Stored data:
----

lemma card_N_x_minus_Q'_le: "8 * card (N x - Q') \<le> D + m"
proof -
  have "A0 - N q = {a\<in>A0. \<not> E a q}" for q
    using edge_sym by (auto simp: A0_def mem_N_iff)
  moreover have "N x - N a = {q\<in>N x. \<not> E a q}" for a
    using mem_N_iff by auto
  ultimately have swap: "(\<Sum>a\<in>A0. card (N x - N a)) = (\<Sum>q\<in>N x. card (A0 - N q))"
    using sum_card_filter_swap[OF finite_A0 finite_N] by simp
  have "card (N x - Q') * (8 * card A0) = (\<Sum>q\<in>N x - Q'. 8 * card A0)" by simp
  also have "\<dots> \<le> (\<Sum>q\<in>N x - Q'. m * card (A0 - N q))" by (rule sum_mono) (auto simp: Q'_def)
  also have "\<dots> \<le> m * (\<Sum>q\<in>N x. card (A0 - N q))"
    using finite_N by (simp add: sum_distrib_left sum_mono2)
  also have "\<dots> = (\<Sum>a\<in>A0. m * card (N x - N a))" by (simp only: swap[symmetric] sum_distrib_left)
  also have "\<dots> \<le> card A0 * (D + m)"
    using sum_mono[of A0 _ "\<lambda>_. D + m"] by (simp add: A0_def close_def)
  finally show ?thesis using card_A0_ge m_ge by (simp add: mult.commute mult.left_commute)
qed

lemma SA_has_neighbour_in_Q':
  assumes "a \<in> SA"
  obtains q where "q \<in> Q'" "q \<in> N a"
proof -
  have "m * (8 * (card (N x - N a) + card (N x - Q'))) \<le> 24 * D + m * (D + m)"
    using assms mult_le_mono2[OF card_N_x_minus_Q'_le, of m] by (simp add: SA_def algebra_simps)
  also have "\<dots> < m * (8 * D)"
  proof -
    have "m * m \<le> m * D" "16 * D \<le> m * D" using D_ge m_ge by simp_all
    moreover have "m * (D + m) = m * D + m * m" "m * (8 * D) = 8 * (m * D)" by (simp_all add: algebra_simps)
    ultimately show ?thesis using D_ge m_ge by linarith
  qed
  finally have "card (N x - N a) + card (N x - Q') < card (N x)" by (simp add: degree_def)
  moreover have "card (N x) \<le> card (N x - N a) + card (N x - Q')"
    if "N x \<subseteq> (N x - N a) \<union> (N x - Q')"
    using card_mono[OF _ that] finite_N card_Un_le le_trans by blast
  ultimately show ?thesis using that by (auto simp: Q'_def)
qed

lemma card_N_minus_SB_less:
  assumes "a \<in> SA"
  shows "card (N a - SB) < K"
proof -
  obtain q where q: "q \<in> Q'" "q \<in> N a" using SA_has_neighbour_in_Q'[OF assms] .
  show ?thesis
  proof (rule card_neighbours_outside_less)
    show "E a q" using q(2) mem_N_iff by blast
    show "2 * t * m < deg q" using degree_gt q(2) N_subset by blast
    fix w assume "w \<in> N a" "close q w"
    have "m * card (A0 - N w) \<le> m * card (A0 - N q) + m * card (N q - N w)"
      using card_Diff_triangle[OF finite_A0 finite_N[of q], of "N w"] by (metis add_mult_distrib2 mult_le_mono2)
    also have "\<dots> \<le> 8 * card A0 + (deg q + m)"
      using q(1) \<open>close q w\<close> by (simp add: Q'_def close_def)
    also have "\<dots> \<le> 10 * card A0"
      using card_A0_ge degree_N_x_less[of q] q(1) by (simp add: Q'_def)
    finally show "w \<in> SB" using \<open>w \<in> N a\<close> N_subset by (auto simp: SB_def)
  qed
qed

----

◆ **WORK INSTRUCTION**:
Answer with a single number: how many lines in the data above have the string "where" in them?

◆ **WRITTEN REPLY**:
2